Exercise data: Begin

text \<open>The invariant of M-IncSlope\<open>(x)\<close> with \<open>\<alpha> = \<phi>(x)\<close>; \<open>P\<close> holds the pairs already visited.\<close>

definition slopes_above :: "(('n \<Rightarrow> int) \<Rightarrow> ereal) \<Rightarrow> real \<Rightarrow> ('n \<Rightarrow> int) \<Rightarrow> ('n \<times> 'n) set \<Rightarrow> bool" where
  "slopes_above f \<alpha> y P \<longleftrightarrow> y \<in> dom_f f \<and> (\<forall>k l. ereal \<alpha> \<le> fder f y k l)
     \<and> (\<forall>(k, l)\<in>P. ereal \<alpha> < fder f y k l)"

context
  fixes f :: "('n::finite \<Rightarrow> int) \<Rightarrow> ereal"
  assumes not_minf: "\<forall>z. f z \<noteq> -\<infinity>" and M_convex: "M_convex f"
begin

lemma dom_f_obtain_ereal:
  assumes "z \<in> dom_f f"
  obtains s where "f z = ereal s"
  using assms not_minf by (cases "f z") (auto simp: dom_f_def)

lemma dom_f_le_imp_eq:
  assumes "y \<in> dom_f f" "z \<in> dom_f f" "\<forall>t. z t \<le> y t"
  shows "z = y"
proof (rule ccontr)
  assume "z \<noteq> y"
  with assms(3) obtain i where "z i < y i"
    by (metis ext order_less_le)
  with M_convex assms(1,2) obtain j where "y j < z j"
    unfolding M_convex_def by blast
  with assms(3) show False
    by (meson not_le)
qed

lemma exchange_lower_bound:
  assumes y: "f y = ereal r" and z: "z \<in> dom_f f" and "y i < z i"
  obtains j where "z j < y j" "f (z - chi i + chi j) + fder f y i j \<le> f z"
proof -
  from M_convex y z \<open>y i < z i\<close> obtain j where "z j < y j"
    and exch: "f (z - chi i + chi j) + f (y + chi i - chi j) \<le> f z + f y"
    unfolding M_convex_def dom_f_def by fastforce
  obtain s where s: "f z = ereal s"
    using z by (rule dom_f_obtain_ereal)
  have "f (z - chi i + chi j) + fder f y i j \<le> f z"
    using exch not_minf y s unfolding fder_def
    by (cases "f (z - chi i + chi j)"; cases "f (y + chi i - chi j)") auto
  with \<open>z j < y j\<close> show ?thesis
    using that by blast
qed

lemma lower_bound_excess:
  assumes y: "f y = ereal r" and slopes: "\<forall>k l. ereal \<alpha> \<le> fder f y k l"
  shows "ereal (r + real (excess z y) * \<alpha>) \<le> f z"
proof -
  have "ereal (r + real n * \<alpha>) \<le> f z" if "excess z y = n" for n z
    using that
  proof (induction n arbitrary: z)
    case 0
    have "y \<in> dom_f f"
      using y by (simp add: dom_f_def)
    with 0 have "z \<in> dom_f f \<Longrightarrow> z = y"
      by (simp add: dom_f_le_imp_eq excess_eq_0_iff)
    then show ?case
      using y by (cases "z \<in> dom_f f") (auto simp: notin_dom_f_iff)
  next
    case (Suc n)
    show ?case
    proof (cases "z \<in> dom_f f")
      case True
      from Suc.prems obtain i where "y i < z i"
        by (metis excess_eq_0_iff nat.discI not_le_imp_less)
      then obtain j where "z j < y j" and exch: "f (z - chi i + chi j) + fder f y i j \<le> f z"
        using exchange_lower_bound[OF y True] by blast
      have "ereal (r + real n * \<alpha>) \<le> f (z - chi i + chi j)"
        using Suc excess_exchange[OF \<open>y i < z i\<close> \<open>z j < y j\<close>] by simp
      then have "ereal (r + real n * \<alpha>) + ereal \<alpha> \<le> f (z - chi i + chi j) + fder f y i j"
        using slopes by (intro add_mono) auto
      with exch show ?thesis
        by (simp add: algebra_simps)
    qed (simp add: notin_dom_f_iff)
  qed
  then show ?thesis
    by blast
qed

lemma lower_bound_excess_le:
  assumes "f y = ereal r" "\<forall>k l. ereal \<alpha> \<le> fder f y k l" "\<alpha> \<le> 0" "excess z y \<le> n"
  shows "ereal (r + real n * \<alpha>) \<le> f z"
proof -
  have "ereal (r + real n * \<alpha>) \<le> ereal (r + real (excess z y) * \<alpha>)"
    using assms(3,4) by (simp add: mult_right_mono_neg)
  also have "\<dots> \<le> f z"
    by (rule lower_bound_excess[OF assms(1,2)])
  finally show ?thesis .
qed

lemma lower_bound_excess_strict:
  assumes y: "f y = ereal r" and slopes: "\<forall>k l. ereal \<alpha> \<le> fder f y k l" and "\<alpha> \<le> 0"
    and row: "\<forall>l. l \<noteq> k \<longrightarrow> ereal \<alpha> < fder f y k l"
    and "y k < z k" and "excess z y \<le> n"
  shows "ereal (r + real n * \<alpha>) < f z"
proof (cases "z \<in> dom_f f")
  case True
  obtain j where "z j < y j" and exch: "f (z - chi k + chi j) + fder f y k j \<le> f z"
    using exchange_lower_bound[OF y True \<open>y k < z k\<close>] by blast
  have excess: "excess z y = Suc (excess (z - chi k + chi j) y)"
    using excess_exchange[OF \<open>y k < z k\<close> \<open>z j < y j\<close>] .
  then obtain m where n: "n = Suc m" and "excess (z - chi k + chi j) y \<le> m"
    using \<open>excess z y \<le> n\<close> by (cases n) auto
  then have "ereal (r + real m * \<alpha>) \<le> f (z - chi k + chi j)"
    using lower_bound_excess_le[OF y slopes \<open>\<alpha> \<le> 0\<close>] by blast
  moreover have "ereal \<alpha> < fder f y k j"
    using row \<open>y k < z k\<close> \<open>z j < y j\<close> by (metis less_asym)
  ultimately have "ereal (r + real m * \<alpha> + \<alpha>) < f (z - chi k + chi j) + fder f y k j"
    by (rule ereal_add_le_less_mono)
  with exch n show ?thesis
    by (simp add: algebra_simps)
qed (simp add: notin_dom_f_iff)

Exercise data: End
Exercise data: Begin

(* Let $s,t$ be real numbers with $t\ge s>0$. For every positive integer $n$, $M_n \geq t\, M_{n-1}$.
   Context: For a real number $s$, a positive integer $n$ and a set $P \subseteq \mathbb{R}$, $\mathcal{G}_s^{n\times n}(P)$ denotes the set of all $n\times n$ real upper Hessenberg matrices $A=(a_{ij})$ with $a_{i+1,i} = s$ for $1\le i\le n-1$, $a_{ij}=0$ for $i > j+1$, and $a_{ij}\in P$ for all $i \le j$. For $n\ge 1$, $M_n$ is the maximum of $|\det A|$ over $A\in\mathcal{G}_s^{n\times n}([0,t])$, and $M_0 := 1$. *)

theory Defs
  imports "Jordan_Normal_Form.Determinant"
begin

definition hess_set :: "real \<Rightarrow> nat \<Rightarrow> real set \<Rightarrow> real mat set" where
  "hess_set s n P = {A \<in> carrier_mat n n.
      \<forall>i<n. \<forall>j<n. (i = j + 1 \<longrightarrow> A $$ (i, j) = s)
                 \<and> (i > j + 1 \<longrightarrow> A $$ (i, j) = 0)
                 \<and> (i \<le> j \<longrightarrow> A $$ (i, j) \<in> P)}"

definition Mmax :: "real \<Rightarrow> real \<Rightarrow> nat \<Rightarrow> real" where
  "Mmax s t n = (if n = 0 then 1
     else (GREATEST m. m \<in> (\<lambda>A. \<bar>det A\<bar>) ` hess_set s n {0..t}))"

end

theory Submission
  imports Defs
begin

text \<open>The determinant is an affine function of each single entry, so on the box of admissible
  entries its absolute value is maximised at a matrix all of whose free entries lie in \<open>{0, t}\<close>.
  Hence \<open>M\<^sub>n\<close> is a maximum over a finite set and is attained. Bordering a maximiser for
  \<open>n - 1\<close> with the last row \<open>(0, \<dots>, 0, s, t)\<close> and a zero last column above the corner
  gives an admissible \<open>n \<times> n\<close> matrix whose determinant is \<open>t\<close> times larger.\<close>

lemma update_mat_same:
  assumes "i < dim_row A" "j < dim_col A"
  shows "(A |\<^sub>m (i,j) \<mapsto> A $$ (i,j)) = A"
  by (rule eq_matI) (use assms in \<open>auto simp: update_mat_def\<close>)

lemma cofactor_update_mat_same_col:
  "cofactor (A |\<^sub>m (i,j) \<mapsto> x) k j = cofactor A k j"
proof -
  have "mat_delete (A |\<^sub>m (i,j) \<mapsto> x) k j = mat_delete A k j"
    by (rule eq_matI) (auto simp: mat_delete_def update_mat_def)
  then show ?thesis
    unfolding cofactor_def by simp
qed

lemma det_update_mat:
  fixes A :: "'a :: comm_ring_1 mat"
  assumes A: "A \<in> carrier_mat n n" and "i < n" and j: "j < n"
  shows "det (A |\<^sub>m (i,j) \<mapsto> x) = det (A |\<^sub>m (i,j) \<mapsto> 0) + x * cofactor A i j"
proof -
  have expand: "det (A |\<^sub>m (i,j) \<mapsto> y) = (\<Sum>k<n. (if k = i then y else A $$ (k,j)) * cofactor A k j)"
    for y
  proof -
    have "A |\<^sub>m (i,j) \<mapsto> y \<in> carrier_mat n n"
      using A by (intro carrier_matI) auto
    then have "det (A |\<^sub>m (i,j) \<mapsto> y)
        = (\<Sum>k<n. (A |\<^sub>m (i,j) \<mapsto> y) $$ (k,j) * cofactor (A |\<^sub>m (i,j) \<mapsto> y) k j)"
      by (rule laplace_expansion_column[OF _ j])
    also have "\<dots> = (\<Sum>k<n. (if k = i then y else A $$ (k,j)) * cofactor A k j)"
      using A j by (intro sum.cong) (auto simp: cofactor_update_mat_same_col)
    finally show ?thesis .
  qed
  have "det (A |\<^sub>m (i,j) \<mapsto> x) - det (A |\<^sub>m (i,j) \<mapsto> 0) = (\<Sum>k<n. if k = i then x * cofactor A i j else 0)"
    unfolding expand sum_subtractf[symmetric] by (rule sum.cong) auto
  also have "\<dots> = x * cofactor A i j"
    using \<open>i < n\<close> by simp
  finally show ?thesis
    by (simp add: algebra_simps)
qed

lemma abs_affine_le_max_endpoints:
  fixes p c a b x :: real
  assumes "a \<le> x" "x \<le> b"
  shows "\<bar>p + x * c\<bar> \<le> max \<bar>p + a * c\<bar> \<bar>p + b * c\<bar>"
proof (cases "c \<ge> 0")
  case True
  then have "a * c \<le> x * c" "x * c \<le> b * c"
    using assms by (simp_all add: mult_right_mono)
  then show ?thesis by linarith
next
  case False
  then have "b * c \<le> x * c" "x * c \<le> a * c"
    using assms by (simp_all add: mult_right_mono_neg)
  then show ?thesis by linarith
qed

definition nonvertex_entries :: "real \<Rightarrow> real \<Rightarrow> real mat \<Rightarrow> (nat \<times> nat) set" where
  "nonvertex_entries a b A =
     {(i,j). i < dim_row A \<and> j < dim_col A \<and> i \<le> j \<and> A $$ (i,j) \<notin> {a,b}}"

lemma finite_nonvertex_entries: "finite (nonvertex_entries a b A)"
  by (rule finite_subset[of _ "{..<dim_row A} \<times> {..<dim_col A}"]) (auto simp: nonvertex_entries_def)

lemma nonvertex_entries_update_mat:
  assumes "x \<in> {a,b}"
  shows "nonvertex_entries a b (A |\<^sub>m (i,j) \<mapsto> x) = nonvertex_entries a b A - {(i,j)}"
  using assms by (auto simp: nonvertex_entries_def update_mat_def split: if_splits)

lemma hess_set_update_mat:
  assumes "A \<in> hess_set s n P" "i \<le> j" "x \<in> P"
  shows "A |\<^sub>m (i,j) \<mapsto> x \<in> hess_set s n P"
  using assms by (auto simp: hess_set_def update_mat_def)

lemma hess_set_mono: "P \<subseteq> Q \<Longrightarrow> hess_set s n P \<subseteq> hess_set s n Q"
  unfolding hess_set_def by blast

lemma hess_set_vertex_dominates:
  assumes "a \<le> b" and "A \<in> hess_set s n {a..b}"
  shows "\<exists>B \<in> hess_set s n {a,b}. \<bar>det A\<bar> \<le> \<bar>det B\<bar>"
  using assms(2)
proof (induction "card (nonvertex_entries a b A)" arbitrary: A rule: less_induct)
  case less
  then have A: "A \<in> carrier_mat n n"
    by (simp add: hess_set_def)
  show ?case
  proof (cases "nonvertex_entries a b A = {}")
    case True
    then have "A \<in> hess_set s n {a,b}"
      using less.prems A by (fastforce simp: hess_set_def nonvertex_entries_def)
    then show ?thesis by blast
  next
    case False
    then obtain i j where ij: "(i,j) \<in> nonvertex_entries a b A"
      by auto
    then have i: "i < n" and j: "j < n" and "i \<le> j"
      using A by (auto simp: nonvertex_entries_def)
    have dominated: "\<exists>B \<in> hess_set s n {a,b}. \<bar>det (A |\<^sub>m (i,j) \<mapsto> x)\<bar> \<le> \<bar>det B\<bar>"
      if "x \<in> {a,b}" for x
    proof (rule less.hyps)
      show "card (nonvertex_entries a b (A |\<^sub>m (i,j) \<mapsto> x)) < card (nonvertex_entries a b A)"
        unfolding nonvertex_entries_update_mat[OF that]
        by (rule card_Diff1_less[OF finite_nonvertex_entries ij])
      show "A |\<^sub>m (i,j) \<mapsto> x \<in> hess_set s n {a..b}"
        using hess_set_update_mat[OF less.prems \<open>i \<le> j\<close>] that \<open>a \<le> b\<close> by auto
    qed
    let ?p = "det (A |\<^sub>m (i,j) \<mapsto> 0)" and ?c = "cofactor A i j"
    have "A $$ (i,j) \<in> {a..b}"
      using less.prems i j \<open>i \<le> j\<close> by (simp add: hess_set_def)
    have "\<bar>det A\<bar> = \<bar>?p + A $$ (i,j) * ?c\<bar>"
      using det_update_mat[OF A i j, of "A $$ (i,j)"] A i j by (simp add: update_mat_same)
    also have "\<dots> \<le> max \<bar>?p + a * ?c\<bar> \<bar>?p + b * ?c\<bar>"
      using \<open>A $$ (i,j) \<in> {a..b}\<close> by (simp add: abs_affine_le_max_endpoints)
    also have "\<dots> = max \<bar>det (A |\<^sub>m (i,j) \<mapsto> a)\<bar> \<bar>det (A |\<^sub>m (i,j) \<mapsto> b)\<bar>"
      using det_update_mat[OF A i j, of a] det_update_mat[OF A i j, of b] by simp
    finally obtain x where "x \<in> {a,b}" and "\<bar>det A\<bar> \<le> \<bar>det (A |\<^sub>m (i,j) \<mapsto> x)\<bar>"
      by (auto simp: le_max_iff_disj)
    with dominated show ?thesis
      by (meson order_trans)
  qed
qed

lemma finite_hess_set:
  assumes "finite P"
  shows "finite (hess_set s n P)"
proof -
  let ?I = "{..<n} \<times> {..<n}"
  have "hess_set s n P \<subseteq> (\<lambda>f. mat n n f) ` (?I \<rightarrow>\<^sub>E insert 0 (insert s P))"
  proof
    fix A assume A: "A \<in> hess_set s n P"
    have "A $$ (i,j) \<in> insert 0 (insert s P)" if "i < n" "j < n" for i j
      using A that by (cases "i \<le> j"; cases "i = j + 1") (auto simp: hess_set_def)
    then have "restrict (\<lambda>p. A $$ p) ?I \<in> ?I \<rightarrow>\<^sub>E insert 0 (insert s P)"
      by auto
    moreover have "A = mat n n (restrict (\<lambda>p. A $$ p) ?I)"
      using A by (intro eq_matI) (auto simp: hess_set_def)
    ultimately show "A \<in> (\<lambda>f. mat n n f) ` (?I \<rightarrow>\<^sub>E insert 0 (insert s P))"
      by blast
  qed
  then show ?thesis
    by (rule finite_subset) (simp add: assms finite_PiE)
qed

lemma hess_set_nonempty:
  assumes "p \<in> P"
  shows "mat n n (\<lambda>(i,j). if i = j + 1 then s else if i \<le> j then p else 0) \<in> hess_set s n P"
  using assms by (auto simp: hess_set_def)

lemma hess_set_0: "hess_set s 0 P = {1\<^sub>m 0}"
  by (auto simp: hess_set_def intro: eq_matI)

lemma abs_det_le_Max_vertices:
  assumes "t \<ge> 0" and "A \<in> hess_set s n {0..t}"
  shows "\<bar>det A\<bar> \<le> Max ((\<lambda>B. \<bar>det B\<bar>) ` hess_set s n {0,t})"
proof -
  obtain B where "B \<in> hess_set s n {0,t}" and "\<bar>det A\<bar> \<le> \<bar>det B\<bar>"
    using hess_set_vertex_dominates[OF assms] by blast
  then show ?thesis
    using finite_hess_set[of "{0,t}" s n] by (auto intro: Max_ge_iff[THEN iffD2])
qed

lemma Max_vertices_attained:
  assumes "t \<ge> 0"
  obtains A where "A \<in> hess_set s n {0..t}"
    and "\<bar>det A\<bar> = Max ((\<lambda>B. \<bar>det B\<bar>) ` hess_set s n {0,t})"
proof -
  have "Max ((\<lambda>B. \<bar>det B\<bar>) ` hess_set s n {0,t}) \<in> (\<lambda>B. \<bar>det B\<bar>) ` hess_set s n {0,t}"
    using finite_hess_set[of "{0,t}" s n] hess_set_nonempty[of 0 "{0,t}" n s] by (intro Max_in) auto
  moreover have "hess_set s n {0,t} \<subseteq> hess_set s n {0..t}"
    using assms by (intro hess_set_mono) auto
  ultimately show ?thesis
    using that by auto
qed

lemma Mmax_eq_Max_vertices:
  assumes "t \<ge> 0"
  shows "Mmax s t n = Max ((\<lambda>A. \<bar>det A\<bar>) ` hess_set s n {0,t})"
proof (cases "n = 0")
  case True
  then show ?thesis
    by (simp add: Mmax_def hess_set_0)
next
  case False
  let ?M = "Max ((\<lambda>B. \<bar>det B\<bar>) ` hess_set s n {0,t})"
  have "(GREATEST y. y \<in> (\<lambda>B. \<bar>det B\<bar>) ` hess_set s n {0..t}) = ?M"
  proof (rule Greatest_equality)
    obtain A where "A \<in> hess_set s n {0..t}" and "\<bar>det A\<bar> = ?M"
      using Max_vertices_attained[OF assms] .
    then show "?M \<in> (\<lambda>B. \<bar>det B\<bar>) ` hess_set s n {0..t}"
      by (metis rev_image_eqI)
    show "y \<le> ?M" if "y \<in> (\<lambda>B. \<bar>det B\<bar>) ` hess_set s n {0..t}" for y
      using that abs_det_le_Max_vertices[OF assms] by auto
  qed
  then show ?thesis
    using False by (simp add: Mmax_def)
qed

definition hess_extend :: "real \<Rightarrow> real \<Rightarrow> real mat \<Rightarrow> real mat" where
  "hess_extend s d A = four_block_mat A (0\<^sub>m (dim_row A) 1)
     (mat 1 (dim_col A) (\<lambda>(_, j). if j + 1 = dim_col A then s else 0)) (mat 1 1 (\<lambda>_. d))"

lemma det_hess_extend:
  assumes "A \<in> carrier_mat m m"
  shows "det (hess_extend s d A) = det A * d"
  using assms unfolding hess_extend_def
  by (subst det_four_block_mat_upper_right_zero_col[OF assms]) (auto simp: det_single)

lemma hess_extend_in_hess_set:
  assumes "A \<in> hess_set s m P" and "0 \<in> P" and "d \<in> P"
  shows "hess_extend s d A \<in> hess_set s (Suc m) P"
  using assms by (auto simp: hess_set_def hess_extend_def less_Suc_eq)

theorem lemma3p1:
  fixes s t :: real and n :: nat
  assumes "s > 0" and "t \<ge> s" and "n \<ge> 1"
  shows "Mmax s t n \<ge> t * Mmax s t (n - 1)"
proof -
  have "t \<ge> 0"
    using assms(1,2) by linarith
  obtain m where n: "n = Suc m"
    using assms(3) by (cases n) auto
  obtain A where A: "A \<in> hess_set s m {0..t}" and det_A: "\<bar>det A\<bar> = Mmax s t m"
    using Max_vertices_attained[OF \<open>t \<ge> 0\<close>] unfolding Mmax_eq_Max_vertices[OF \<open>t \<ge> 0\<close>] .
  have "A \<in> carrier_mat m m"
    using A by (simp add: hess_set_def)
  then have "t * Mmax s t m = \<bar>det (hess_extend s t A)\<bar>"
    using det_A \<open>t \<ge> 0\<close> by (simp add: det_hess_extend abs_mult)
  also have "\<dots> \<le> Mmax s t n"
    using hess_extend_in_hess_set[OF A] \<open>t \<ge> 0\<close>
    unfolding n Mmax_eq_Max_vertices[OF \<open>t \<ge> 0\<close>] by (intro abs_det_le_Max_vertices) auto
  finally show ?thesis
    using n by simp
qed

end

Exercise data: End

Task item:
Set down, from the entries above, exactly the lines from the one with "A rule: less_induct)" up to and including the one with "then obtain i", and no other lines.

Output of the task:
proof (induction "card (nonvertex_entries a b A)" arbitrary: A rule: less_induct)
  case less
  then have A: "A \<in> carrier_mat n n"
    by (simp add: hess_set_def)
  show ?case
  proof (cases "nonvertex_entries a b A = {}")
    case True
    then have "A \<in> hess_set s n {a,b}"
      using less.prems A by (fastforce simp: hess_set_def nonvertex_entries_def)
    then show ?thesis by blast
  next
    case False
    then obtain i j where ij: "(i,j) \<in> nonvertex_entries a b A"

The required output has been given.